美文网首页
Spark Streaming 数据计算阶段分析

Spark Streaming 数据计算阶段分析

作者: 荒湖 | 来源:发表于2017-01-13 10:17 被阅读0次

    —————☼—————☼—————☼—————☼—————☼—————
    Spark Streaming概述
    Spark Streaming 初始化过程
    Spark Streaming Receiver启动过程分析
    Spark Streaming 数据准备阶段分析(Receiver方式)
    Spark Streaming 数据计算阶段分析
    SparkStreaming Backpressure分析
    Spark Streaming Executor DynamicAllocation 机制分析

    —————☼—————☼—————☼—————☼—————☼—————

    SparkStreaming的全过程分为两个阶段:数据准备阶段和数据计算阶段。两个阶段在功能上相互独立,仅通过数据联系在一起。"Spark Streaming 数据准备阶段分析"从源码角度分析了Spark Streaming数据准备阶段的具体流程。本文将从源码的角度对数据计算阶段的具体流程进行分析。
    Spark Streaming数据计算阶段包含批次数据划分,批作业生成,批wt提交三个部分。

    1、 JobGenerator 启动

    JobGenerator用于定期生成Job并进行提交 。"Spark Streaming 初始化过程分析"中提到,在启动JobScheduler时,其会调用JobGenerator的start方法,启动JobGenerator.
    JobGenerator的start方法实现如下:

      /** Start generation of jobs */
      def start(): Unit = synchronized {
        if (eventLoop != null) return // generator has already been started
    
        // Call checkpointWriter here to initialize it before eventLoop uses it to avoid a deadlock.
        // See SPARK-10125
        checkpointWriter
    
        eventLoop = new EventLoop[JobGeneratorEvent]("JobGenerator") {
          override protected def onReceive(event: JobGeneratorEvent): Unit = processEvent(event)
    
          override protected def onError(e: Throwable): Unit = {
            jobScheduler.reportError("Error in job generator", e)
          }
        }
        eventLoop.start()
    
        if (ssc.isCheckpointPresent) {
          restart()
        } else {
          startFirstTime()
        }
      }
    

    通过分析上述代码可知,在JobGenerator.start()被调用时,其将创建

    • eventLoop对象并启动,其中eventLoop定义事件交由processEvent(event).
      processEvent其依据事件的类型,对其进行不同的处理。
    • 调用startFirstTime()方法。通过分析startFirstTime的实现逻辑,可知其进行两项主要工作:
    • 调用 timer.start方法、 定期生成Job
    • 调用graph.start方法
      /** Starts the generator for the first time */
      private def startFirstTime() {
        val startTime = new Time(timer.getStartTime())
        graph.start(startTime - graph.batchDuration)
        timer.start(startTime.milliseconds)
        logInfo("Started JobGenerator at " + startTime)
      }
    

    下面我分别对这二者进行解析。

    2、Job 生成及提交

    2.1 周期性触发Job生成事件

    startFirstTime()方法中调用了timer.start方法,其中timer[RecurringTimer]为定时器,与Spark Streaming 数据准备阶段分析一文中介绍切片时所有定时器一样。其按设置的时间周期,重复的执行计划的任务。此处Timer的具体实现为:

      private val timer = new RecurringTimer(clock, ssc.graph.batchDuration.milliseconds,
        longTime => eventLoop.post(GenerateJobs(new Time(longTime))), "JobGenerator")
    

    其每个batchDuration规定时间,都会向eventLoop发送一GenerateJobs事件,eventLoop收到GenerateJobs事件,则使用processEvent进行相应处理,此处为调用 generateJobs()方法 ,生成job.

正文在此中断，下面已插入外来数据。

(* Let $n,m\in\mathbb{N}$, $f\in C[0,1]$, and let $\overline{B}_{n,m}$ be the composite Bernstein operator defined in the context. Then for every $k\in\{1,\dots,m\}$ and every $x\in\left[\frac{k-1}{m},\frac{k}{m}\right]$, $$ |\overline{B}_{n,m}(f;x)-f(x)|\le \frac32\,\omega_2\left(f;\sqrt{\frac{\left(x-\frac{k-1}{m}\right)\left(\frac{k}{m}-x\right)}{n}}\right). $$
   Context: For $a<b$, $f:[a,b]\to\mathbb{R}$ and $n\in\mathbb{N}$, the Bernstein polynomial on $[a,b]$ is $B_n^{[a,b]}(f;x)=\frac{1}{(b-a)^n}\sum_{i=0}^n\binom{n}{i}(x-a)^i(b-x)^{n-i}f\left(a+i\frac{b-a}{n}\right)$. For $m\in\mathbb{N}$ and $1\le k\le m$ put $B_{n,k}(f;x):=B_n^{[\frac{k-1}{m},\frac{k}{m}]}(f;x)$, and define $\overline{B}_{n,m}(f;x):=B_{n,k}(f;x)$ if $x\in\left[\frac{k-1}{m},\frac{k}{m}\right]$ (well defined at the break points, where both pieces equal $f(k/m)$). The second-order modulus of continuity on $[0,1]$ is $\omega_2(f,\delta)=\sup\{|f(x-h)-2f(x)+f(x+h)|: x\pm h\in[0,1],\ |h|\le\delta\}$ for $\delta\ge0$. *)

theory Defs
  imports "HOL-Analysis.Analysis"
begin

definition bernstein_ab :: "nat \<Rightarrow> real \<Rightarrow> real \<Rightarrow> (real \<Rightarrow> real) \<Rightarrow> real \<Rightarrow> real" where
  "bernstein_ab n a b f x =
     (1 / (b - a) ^ n) * (\<Sum>i=0..n. real (n choose i) * (x - a) ^ i * (b - x) ^ (n - i)
                                      * f (a + real i * (b - a) / real n))"

definition bernstein_piece :: "nat \<Rightarrow> nat \<Rightarrow> nat \<Rightarrow> (real \<Rightarrow> real) \<Rightarrow> real \<Rightarrow> real" where
  "bernstein_piece n m k f x = bernstein_ab n ((real k - 1) / real m) (real k / real m) f x"

text \<open>Composite operator: on [(k-1)/m, k/m] use piece k. We take the least admissible
  k, namely k = max 1 (ceiling (m x)); at break points both pieces agree.\<close>
definition bernstein_comp :: "nat \<Rightarrow> nat \<Rightarrow> (real \<Rightarrow> real) \<Rightarrow> real \<Rightarrow> real" where
  "bernstein_comp n m f x = bernstein_piece n m (max 1 (nat \<lceil>real m * x\<rceil>)) f x"

definition omega2 :: "(real \<Rightarrow> real) \<Rightarrow> real \<Rightarrow> real" where
  "omega2 f \<delta> = Sup {\<bar>f (x - h) - 2 * f x + f (x + h)\<bar> | x h.
      x - h \<in> {0..1} \<and> x + h \<in> {0..1} \<and> \<bar>h\<bar> \<le> \<delta>}"

end

theory Submission
  imports Defs
begin

text \<open>On one interval [a, b] the Bernstein operator at x averages f over the nodes
  with weights whose mean is x and whose variance is \<delta>^2 = (x - a)(b - x)/n.
  If all second differences of g with steps at most \<delta> are bounded by \<omega>, a maximum
  principle comparing the chord error of g on [u, v] with the parabola
  \<omega> (1 + (y - u)(v - y)/(2\<delta>^2)) shows that
  D t = g t - g x - \<omega> (1 + (t - x)^2/(2\<delta>^2)) satisfies (v - x) D u + (x - u) D v \<le> 0
  for nodes u < x < v. Hence the values of D at the nodes lie below a line through
  (x, 0), whose average against the weights vanishes, so the average of D is \<le> 0;
  averaging the definition of D then yields the bound \<omega> + \<omega>/2. Applying this to f
  and -f bounds each piece, and at the break points both pieces interpolate f.\<close>

lemma second_difference_le_omega2:
  fixes f :: "real \<Rightarrow> real"
  assumes cont: "continuous_on {0..1} f"
    and "x - h \<in> {0..1}" and "x + h \<in> {0..1}" and "\<bar>h\<bar> \<le> \<delta>"
  shows "\<bar>f (x - h) - 2 * f x + f (x + h)\<bar> \<le> omega2 f \<delta>"
  unfolding omega2_def
proof (rule cSup_upper)
  show "\<bar>f (x - h) - 2 * f x + f (x + h)\<bar> \<in> {\<bar>f (x - h) - 2 * f x + f (x + h)\<bar> | x h.
      x - h \<in> {0..1} \<and> x + h \<in> {0..1} \<and> \<bar>h\<bar> \<le> \<delta>}"
    using assms by blast
  obtain B where B: "\<And>t. t \<in> {0..1} \<Longrightarrow> \<bar>f t\<bar> \<le> B"
    using compact_imp_bounded[OF compact_continuous_image[OF cont]] bounded_iff
    by (metis compact_Icc image_eqI real_norm_def)
  show "bdd_above {\<bar>f (x - h) - 2 * f x + f (x + h)\<bar> | x h.
      x - h \<in> {0..1} \<and> x + h \<in> {0..1} \<and> \<bar>h\<bar> \<le> \<delta>}"
  proof (rule bdd_aboveI[of _ "4 * B"], clarify)
    fix y k :: real assume yk: "y - k \<in> {0..1}" "y + k \<in> {0..1}"
    then have "y \<in> {0..1}" unfolding atLeastAtMost_iff by linarith
    then show "\<bar>f (y - k) - 2 * f y + f (y + k)\<bar> \<le> 4 * B"
      using B[of y] B[OF yk(1)] B[OF yk(2)] by linarith
  qed
qed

      /** Processes all events */
      private def processEvent(event: JobGeneratorEvent) {
        logDebug("Got event " + event)
        event match {
          case GenerateJobs(time) => generateJobs(time)
          case ClearMetadata(time) => clearMetadata(time)
          case DoCheckpoint(time, clearCheckpointDataLater) =>
            doCheckpoint(time, clearCheckpointDataLater)
          case ClearCheckpointData(time) => clearCheckpointData(time)
        }
      }
    

    2.2 Job生成详细过程

    上文搞到Timer分周期性的触发Job生成事件,并通过generateJobs来生成Job.
    JobGenerator在每个Batch Interval都会为应用中的每个Output Stream建立一个Job, 该批次中的所有Job组成一个JobSet.使用JobScheduler的submitJobSet进行批量Job提交。
    下面来分析generateJobs的实现逻辑。

      /** Generate jobs and perform checkpointing for the given `time`.  */
      private def generateJobs(time: Time) {
        // Checkpoint all RDDs marked for checkpointing to ensure their lineages are
        // truncated periodically. Otherwise, we may run into stack overflows (SPARK-6847).
        ssc.sparkContext.setLocalProperty(RDD.CHECKPOINT_ALL_MARKED_ANCESTORS, "true")
        Try {
          jobScheduler.receiverTracker.allocateBlocksToBatch(time) // allocate received blocks to batch
          graph.generateJobs(time) // generate jobs using allocated block
        } match {
          case Success(jobs) =>
            val streamIdToInputInfos = jobScheduler.inputInfoTracker.getInfo(time)
            jobScheduler.submitJobSet(JobSet(time, jobs, streamIdToInputInfos))
          case Failure(e) =>
            jobScheduler.reportError("Error generating jobs for time " + time, e)
            PythonDStream.stopStreamingContextIfPythonProcessIsDead(e)
        }
        eventLoop.post(DoCheckpoint(time, clearCheckpointDataLater = false))
      }
    
    

    在generateJobs生成Job时, 其首先通过ReceiverTracker 取得其中注册的未分配的数据信息。然后通过DStreamGraph生成Job。

    2.2.1 批数据信息划分

    本部分会将Spark Streaming 数据准备阶段分析 中生成的未分配的block,划归到某个批次进行处理。具体过程如下:

    在生成Job时,首先调用如下语句:

    jobScheduler.receiverTracker.allocateBlocksToBatch(time)
    

    该语句用来划分某批次(time)要处理的数据。下面对其获取过程进行详说说明。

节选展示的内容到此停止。